Rafael Bandeira Fabres et al. Metab Brain Dis. 2022 Oct.

Abstract

Therapeutic hypothermia (TH) is the standard treatment for neonatal hypoxia-ischemia (HI) with a time window limited up to 6 h post injury. However, influence of sexual dimorphism in the therapeutic window for TH has not yet been elucidated in animal models of HI. Therefore, the aim of this study was to investigate the most effective time window to start TH in male and female rats submitted to neonatal HI. Wistar rats (P7) were divided into the following groups: NAÏVE and SHAM (control groups), HI (submitted to HI) and TH (submitted to HI and TH; 32ºC for 5 h).

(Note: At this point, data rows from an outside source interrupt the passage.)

lemma transient_or_recurrent:
  assumes lf: "locally_finite_set S" and nonneg: "S \<subseteq> {0..}" and "0 \<in> S"
    and renewal: "\<forall>n\<ge>1. prob {\<omega> \<in> space M. exc_dur X (n + 1) \<omega> < \<infinity> \<and> ret_time X n \<omega> < \<infinity>}
      / prob {\<omega> \<in> space M. ret_time X n \<omega> < \<infinity>} = prob {\<omega> \<in> space M. exc_dur X 1 \<omega> < \<infinity>}"
  shows "let p = prob {\<omega> \<in> space M. exc_dur X 1 \<omega> < \<infinity>};
      C1 = (p < 1 \<and> (AE \<omega> in M. filterlim (\<lambda>t. X t \<omega>) at_top sequentially));
      C2 = (p = 1 \<and> (AE \<omega> in M. liminf (\<lambda>t. ereal (X t \<omega>)) = 0))
    in (C1 \<or> C2) \<and> \<not> (C1 \<and> C2)"
proof -
  define p where "p = prob {\<omega> \<in> space M. exc_dur X 1 \<omega> < \<infinity>}"
  have power: "prob {\<omega> \<in> space M. ret_time X (Suc n) \<omega> < \<infinity>} = p ^ Suc n" for n
    unfolding p_def using renewal by (rule prob_ret_time_finite_eq_power)
  have "p \<le> 1" by (simp add: p_def)
  then consider "p < 1" | "p = 1" by linarith
  then show ?thesis
  proof cases
    case 1
    then have "AE \<omega> in M. \<not> (\<exists>\<^sub>F t in sequentially. X t \<omega> = 0)"
      using power by (rule AE_finitely_many_zeros_if_return_prob_lt_1[rotated])
    then have "AE \<omega> in M. filterlim (\<lambda>t. X t \<omega>) at_top sequentially"
      using assms(1-3) by (intro AE_tendsto_at_top_if_finitely_many_zeros)
    with 1 show ?thesis unfolding Let_def p_def[symmetric] by simp
  next
    case 2
    then have "AE \<omega> in M. \<exists>\<^sub>F t in sequentially. X t \<omega> = 0"
      using power by (intro AE_frequently_zero_if_return_prob_1) simp
    then have "AE \<omega> in M. liminf (\<lambda>t. ereal (X t \<omega>)) = 0"
      using AE_space
    proof eventually_elim
      case (elim \<omega>)
      have "eventually (\<lambda>t. 0 \<le> X t \<omega>) sequentially"
        using eventually_X_in_S[OF elim(2)] nonneg by (auto elim: eventually_mono)
      then show ?case using elim(1) by (rule liminf_ereal_eq_0_if_frequently_0)
    qed
    with 2 show ?thesis unfolding Let_def p_def[symmetric] by simp
  qed
qed

end

theorem proposition2p1:
  fixes M :: "'a measure" and F :: "nat \<Rightarrow> 'a measure"
    and X :: "nat \<Rightarrow> 'a \<Rightarrow> real" and S :: "real set"
  assumes "prob_space M"
    and S_lf: "locally_finite_set S"
    and S_unb: "\<not> bdd_above S"
    and S_nonneg: "S \<subseteq> {0..}"
    and S0: "0 \<in> S"
    and filt: "filtration (space M) F"
    and sub: "\<And>t. sigma_finite_subalgebra M (F t)"
    and adapted: "\<And>t. t \<ge> 1 \<Longrightarrow> X t \<in> borel_measurable (F t)"
    and vals: "\<And>t \<omega>. t \<ge> 1 \<Longrightarrow> \<omega> \<in> space M \<Longrightarrow> X t \<omega> \<in> S"
    and start: "measure M {\<omega> \<in> space M. X 1 \<omega> = 0} = 1"
    and reach: "\<exists>(m :: real \<Rightarrow> real \<Rightarrow> nat) (\<phi> :: real \<Rightarrow> real \<Rightarrow> real).
        (\<forall>x\<in>S. \<forall>y\<in>S. m x y \<ge> 1 \<and> \<phi> x y > 0) \<and>
        (\<forall>y\<in>S. \<forall>t\<ge>1. AE \<omega> in M.
            real_cond_exp M (F t)
              (\<lambda>\<omega>'. indicator {\<omega>'' \<in> space M. X (t + m (X t \<omega>'') y) \<omega>'' = y} \<omega>') \<omega>
            \<ge> \<phi> (X t \<omega>) y)"
  shows "(AE \<omega> in M. limsup (\<lambda>t. ereal (X t \<omega>)) = \<infinity>) \<and>
    ((\<forall>n\<ge>1. measure M {\<omega> \<in> space M. exc_dur X (n + 1) \<omega> < \<infinity> \<and> ret_time X n \<omega> < \<infinity>}
              / measure M {\<omega> \<in> space M. ret_time X n \<omega> < \<infinity>}
            = measure M {\<omega> \<in> space M. exc_dur X 1 \<omega> < \<infinity>})
     \<longrightarrow>
     (let p = measure M {\<omega> \<in> space M. exc_dur X 1 \<omega> < \<infinity>};
          C1 = (p < 1 \<and> (AE \<omega> in M. filterlim (\<lambda>t. X t \<omega>) at_top sequentially));
          C2 = (p = 1 \<and> (AE \<omega> in M. liminf (\<lambda>t. ereal (X t \<omega>)) = 0))
      in (C1 \<or> C2) \<and> \<not> (C1 \<and> C2)))"
proof -
  from reach obtain m :: "real \<Rightarrow> real \<Rightarrow> nat" and \<phi> :: "real \<Rightarrow> real \<Rightarrow> real"
    where \<phi>_pos: "\<forall>x\<in>S. \<forall>y\<in>S. m x y \<ge> 1 \<and> \<phi> x y > 0"
      and hits: "\<forall>y\<in>S. \<forall>t\<ge>1. AE \<omega> in M. real_cond_exp M (F t)
        (indicator {\<omega>' \<in> space M. X (t + m (X t \<omega>') y) \<omega>' = y}) \<omega> \<ge> \<phi> (X t \<omega>) y"
    by blast
  have "reachable_process M F X S m \<phi>"
  proof (intro reachable_process.intro reachable_process_axioms.intro)
    show "countable S" using S_lf by (rule locally_finite_set_countable)
    show "0 < \<phi> x y" if "x \<in> S" "y \<in> S" for x y using \<phi>_pos that by blast
    fix y and t :: nat
    assume "y \<in> S" "1 \<le> t"
    with hits show "AE \<omega> in M. \<phi> (X t \<omega>) y
      \<le> real_cond_exp M (F t) (indicator {\<omega>' \<in> space M. X (t + m (X t \<omega>') y) \<omega>' = y}) \<omega>"
      by blast
  qed (fact \<open>prob_space M\<close> filt sub adapted vals)+
  then interpret reachable_process M F X S m \<phi> .
  show ?thesis
    using AE_limsup_eq_PInf[OF S_lf S_unb S_nonneg] transient_or_recurrent[OF S_lf S_nonneg S0]
    by blast
qed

TH was started at 2 h (TH-2 h group), 4 h (TH-4 h group), or 6 h (TH-6 h group) after HI. At P14, animals were subjected to behavioural tests, volume of lesion and reactive astrogliosis assessments. Male and female rats from the TH-2 h group showed reduction in the latency of behavioral tests, and decrease in volume of lesion and intensity of GFAP immunofluorescence. TH-2 h females also showed reduction of degenerative cells and morphological changes in astrocytes. Interestingly, females from the TH-6 h group showed an increase in volume of lesion and in number of degenerative hippocampal cells, associated with worse behavioral performance. Together, these results indicate that TH neuroprotection is time- and sex-dependent. Moreover, TH started later (6 h) can worsen volume of brain lesion in females. These data indicate the need to develop specific therapeutic protocols for each sex and reinforce the importance of early onset of the hypothermic treatment.

Keywords: Astrocytes; GFAP; Hippocampus; Neonatal hypoxia-ischemia; Neurodevelopment; Therapeutic hypothermia.